lemma legal_sets_last_block:
  assumes b: "b \<ge> 1"
  shows "legal_sets s b (n * b) (Suc k) = legal_sets s b ((n - 1) * b) (Suc k)
    \<union> (\<lambda>(i, L). insert i L) ` ({(n - 1) * b <.. n * b} \<times> legal_sets s b ((n - 1 - s) * b) k)"
    (is "?S = ?A \<union> ?B")
proof (intro equalityI subsetI)
  fix L assume L: "L \<in> ?S"
  show "L \<in> ?A \<union> ?B"
  proof (cases "L \<subseteq> {1..(n - 1) * b}")
    case False
    have fin: "finite L" and "L \<noteq> {}" using L by (auto simp: legal_sets_def bin_legal_def)
    define i where "i = Max L"
    have "i \<in> L" using fin \<open>L \<noteq> {}\<close> by (simp add: i_def)
    moreover have "i > (n - 1) * b"
    proof -
      obtain x where "x \<in> L" "x \<notin> {1..(n - 1) * b}" using False by blast
      moreover have "x \<ge> 1" using L \<open>x \<in> L\<close> by (auto simp: legal_sets_def)
      ultimately have "(n - 1) * b < x" by simp
      also have "x \<le> i" using Max_ge[OF fin \<open>x \<in> L\<close>] by (simp add: i_def)
      finally show ?thesis .
    qed
    ultimately have i: "i \<in> {(n - 1) * b <.. n * b}" using L by (auto simp: legal_sets_def)
    have less: "\<forall>j\<in>L - {i}. j < i" using Max_ge[OF fin] by (auto simp: i_def le_neq_implies_less)
    have "bin_legal s b (insert i (L - {i}))"
      using L \<open>i \<in> L\<close> by (simp add: legal_sets_def insert_absorb)
    then have "L - {i} \<in> legal_sets s b ((n - 1 - s) * b) k"
      using bin_legal_insert_max_iff[OF b _ less] i L fin \<open>i \<in> L\<close>
      by (auto simp: legal_sets_def last_compatible_last_block[OF b i])
    moreover have "L = insert i (L - {i})" using \<open>i \<in> L\<close> by blast
    ultimately show ?thesis using i by blast
  next
    case True
    then have "L \<in> ?A" using L by (simp add: legal_sets_def)
    then show ?thesis ..
  qed
next
  fix L assume "L \<in> ?A \<union> ?B"
  then consider "L \<in> ?A"
    | i L' where "L = insert i L'" "i \<in> {(n - 1) * b <.. n * b}" "L' \<in> legal_sets s b ((n - 1 - s) * b) k"
    by (auto simp only: Un_iff image_iff mem_Sigma_iff case_prod_beta fst_conv snd_conv)
  then show "L \<in> ?S"
  proof cases
    case 1
    have "{1..(n - 1) * b} \<subseteq> {1..n * b}" by auto
    then show ?thesis using 1 unfolding legal_sets_def by blast
  next
    case 2
    have less: "\<forall>j\<in>L'. j < i" using 2 by (intro legal_sets_below_last_block)
    then have "bin_legal s b L"
      using 2 bin_legal_insert_max_iff[OF b _ less] by (auto simp: legal_sets_def last_compatible_last_block[OF b])
    moreover have "card L = Suc k" using 2 less by (auto simp: legal_sets_def bin_legal_def)
    ultimately show ?thesis using 2 less by (force simp: legal_sets_def)
  qed
qed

## WHAT IS NEEDED
Transcribe the entire listing without a single omission.

## RESPONSE BELOW
lemma legal_sets_last_block:
  assumes b: "b \<ge> 1"
  shows "legal_sets s b (n * b) (Suc k) = legal_sets s b ((n - 1) * b) (Suc k)
    \<union> (\<lambda>(i, L). insert i L) ` ({(n - 1) * b <.. n * b} \<times> legal_sets s b ((n - 1 - s) * b) k)"
    (is "?S = ?A \<union> ?B")
proof (intro equalityI subsetI)
  fix L assume L: "L \<in> ?S"
  show "L \<in> ?A \<union> ?B"
  proof (cases "L \<subseteq> {1..(n - 1) * b}")
    case False
    have fin: "finite L" and "L \<noteq> {}" using L by (auto simp: legal_sets_def bin_legal_def)
    define i where "i = Max L"
    have "i \<in> L" using fin \<open>L \<noteq> {}\<close> by (simp add: i_def)
    moreover have "i > (n - 1) * b"
    proof -
      obtain x where "x \<in> L" "x \<notin> {1..(n - 1) * b}" using False by blast
      moreover have "x \<ge> 1" using L \<open>x \<in> L\<close> by (auto simp: legal_sets_def)
      ultimately have "(n - 1) * b < x" by simp
      also have "x \<le> i" using Max_ge[OF fin \<open>x \<in> L\<close>] by (simp add: i_def)
      finally show ?thesis .
    qed
    ultimately have i: "i \<in> {(n - 1) * b <.. n * b}" using L by (auto simp: legal_sets_def)
    have less: "\<forall>j\<in>L - {i}. j < i" using Max_ge[OF fin] by (auto simp: i_def le_neq_implies_less)
    have "bin_legal s b (insert i (L - {i}))"
      using L \<open>i \<in> L\<close> by (simp add: legal_sets_def insert_absorb)
    then have "L - {i} \<in> legal_sets s b ((n - 1 - s) * b) k"
      using bin_legal_insert_max_iff[OF b _ less] i L fin \<open>i \<in> L\<close>
      by (auto simp: legal_sets_def last_compatible_last_block[OF b i])
    moreover have "L = insert i (L - {i})" using \<open>i \<in> L\<close> by blast
    ultimately show ?thesis using i by blast
  next
    case True
    then have "L \<in> ?A" using L by (simp add: legal_sets_def)
    then show ?thesis ..
  qed
next
  fix L assume "L \<in> ?A \<union> ?B"
  then consider "L \<in> ?A"
    | i L' where "L = insert i L'" "i \<in> {(n - 1) * b <.. n * b}" "L' \<in> legal_sets s b ((n - 1 - s) * b) k"
    by (auto simp only: Un_iff image_iff mem_Sigma_iff case_prod_beta fst_conv snd_conv)
  then show "L \<in> ?S"
  proof cases
    case 1
    have "{1..(n - 1) * b} \<subseteq> {1..n * b}" by auto
    then show ?thesis using 1 unfolding legal_sets_def by blast
  next
    case 2
    have less: "\<forall>j\<in>L'. j < i" using 2 by (intro legal_sets_below_last_block)
    then have "bin_legal s b L"
      using 2 bin_legal_insert_max_iff[OF b _ less] by (auto simp: legal_sets_def last_compatible_last_block[OF b])
    moreover have "card L = Suc k" using 2 less by (auto simp: legal_sets_def bin_legal_def)
    ultimately show ?thesis using 2 less by (force simp: legal_sets_def)
  qed
qed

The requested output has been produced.